━━ Available data ━━
lemma invariant_on_slice_weight_class:
  assumes inv: "invariant F" and hom: "homog d F"
  obtains M c where "finite M" "\<forall>e\<in>M. mdeg e = d"
    "\<And>b0 b1 b2 b3. F (slice_pt 1 b0 b1 b2 b3) =
       (\<Sum>e\<in>{e\<in>M. slice_weight d (e(3,0)) (e(3,2)) (e(3,3)) = 3*d}.
          c e * mono e (slice_pt 1 b0 b1 b2 b3))"
proof -
  obtain M c where M: "finite M" "\<forall>e\<in>M. mdeg e = d"
      "\<forall>x\<in>Vspace. F x = (\<Sum>e\<in>M. c e * mono e x)"
    using hom unfolding homog_def by blast
  define k where "k e = slice_weight d (e(3,0)) (e(3,2)) (e(3,3))" for e :: "nat \<times> nat \<Rightarrow> nat"
  have "F (slice_pt 1 b0 b1 b2 b3) = (\<Sum>e\<in>{e\<in>M. k e = 3*d}. c e * mono e (slice_pt 1 b0 b1 b2 b3))"
    for b0 b1 b2 b3
  proof -
    define C where "C e = c e * mono e (slice_pt 1 b0 b1 b2 b3)" for e
    have F_slice: "F (slice_pt 1 b0 b1 b2 b3) = (\<Sum>e\<in>M. C e)"
      using M(3) slice_pt_in_Vspace by (simp add: C_def)
    have "(\<Sum>e\<in>M. C e * t^(k e)) = (\<Sum>e\<in>M. C e) * t^(3*d)" if t: "t \<noteq> 0" for t
    proof -
      have "e(3,0) \<le> d" if "e \<in> M" for e
        using M(2) that by (auto simp: mdeg_eq)
      then have "(\<Sum>e\<in>M. C e * t^(k e)) =
          (\<Sum>e\<in>M. c e * (mono e (slice_pt 1 (b0/t^2) b1 (t^2*b2) (t^4*b3)) * t^(2*d)))"
        by (intro sum.cong refl, subst mono_slice_pt_diagonal[OF t]) (auto simp: C_def k_def)
      also have "\<dots> = (\<Sum>e\<in>M. c e * mono e (slice_pt 1 (b0/t^2) b1 (t^2*b2) (t^4*b3))) * t^(2*d)"
        by (simp add: sum_distrib_right mult.assoc)
      also have "\<dots> = F (slice_pt 1 (b0/t^2) b1 (t^2*b2) (t^4*b3)) * t^(2*d)"
        using M(3) slice_pt_in_Vspace by simp
      also have "\<dots> = (\<Sum>e\<in>M. C e) * t^(3*d)"
        by (simp add: invariant_homog_slice_pt_diagonal[OF inv hom t] F_slice power_add[symmetric])
      finally show ?thesis .
    qed
    then have "(\<Sum>e\<in>{e\<in>M. k e = n}. C e) = 0" if "n \<noteq> 3*d" for n
      using exponent_class_sum_zero[OF M(1)] that by blast
    then have "(\<Sum>n\<in>insert (3*d) (k`M). \<Sum>e\<in>{e\<in>M. k e = n}. C e) =
        (\<Sum>e\<in>{e\<in>M. k e = 3*d}. C e)"
      using M(1) by (subst sum.remove[of _ "3*d"]) (auto intro!: sum.neutral)
    moreover have "(\<Sum>n\<in>insert (3*d) (k`M). \<Sum>e\<in>{e\<in>M. k e = n}. C e) = (\<Sum>e\<in>M. C e)"
      using M(1) by (intro sum.group) auto
    ultimately show ?thesis
      by (simp add: F_slice C_def)
  qed
  then show ?thesis
    using that[OF M(1,2)] unfolding k_def by blast
qed

definition cubic_coeff_monomial ::
    "nat \<times> nat \<times> nat \<times> nat \<Rightarrow> complex \<Rightarrow> complex \<Rightarrow> complex \<Rightarrow> complex \<Rightarrow> complex"
  where "cubic_coeff_monomial w b0 b1 b2 b3 = (case w of (i, j, k, l) \<Rightarrow> b0^i * b1^j * b2^k * b3^l)"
━━━
Only one stretch of the entries above is wanted: the lines from the one containing "b3. F (slice_pt" through the one containing "by (intro sum.cong". Please reproduce it exactly.

Result for this task:
    "\<And>b0 b1 b2 b3. F (slice_pt 1 b0 b1 b2 b3) =
       (\<Sum>e\<in>{e\<in>M. slice_weight d (e(3,0)) (e(3,2)) (e(3,3)) = 3*d}.
          c e * mono e (slice_pt 1 b0 b1 b2 b3))"
proof -
  obtain M c where M: "finite M" "\<forall>e\<in>M. mdeg e = d"
      "\<forall>x\<in>Vspace. F x = (\<Sum>e\<in>M. c e * mono e x)"
    using hom unfolding homog_def by blast
  define k where "k e = slice_weight d (e(3,0)) (e(3,2)) (e(3,3))" for e :: "nat \<times> nat \<Rightarrow> nat"
  have "F (slice_pt 1 b0 b1 b2 b3) = (\<Sum>e\<in>{e\<in>M. k e = 3*d}. c e * mono e (slice_pt 1 b0 b1 b2 b3))"
    for b0 b1 b2 b3
  proof -
    define C where "C e = c e * mono e (slice_pt 1 b0 b1 b2 b3)" for e
    have F_slice: "F (slice_pt 1 b0 b1 b2 b3) = (\<Sum>e\<in>M. C e)"
      using M(3) slice_pt_in_Vspace by (simp add: C_def)
    have "(\<Sum>e\<in>M. C e * t^(k e)) = (\<Sum>e\<in>M. C e) * t^(3*d)" if t: "t \<noteq> 0" for t
    proof -
      have "e(3,0) \<le> d" if "e \<in> M" for e
        using M(2) that by (auto simp: mdeg_eq)
      then have "(\<Sum>e\<in>M. C e * t^(k e)) =
          (\<Sum>e\<in>M. c e * (mono e (slice_pt 1 (b0/t^2) b1 (t^2*b2) (t^4*b3)) * t^(2*d)))"
        by (intro sum.cong refl, subst mono_slice_pt_diagonal[OF t]) (auto simp: C_def k_def)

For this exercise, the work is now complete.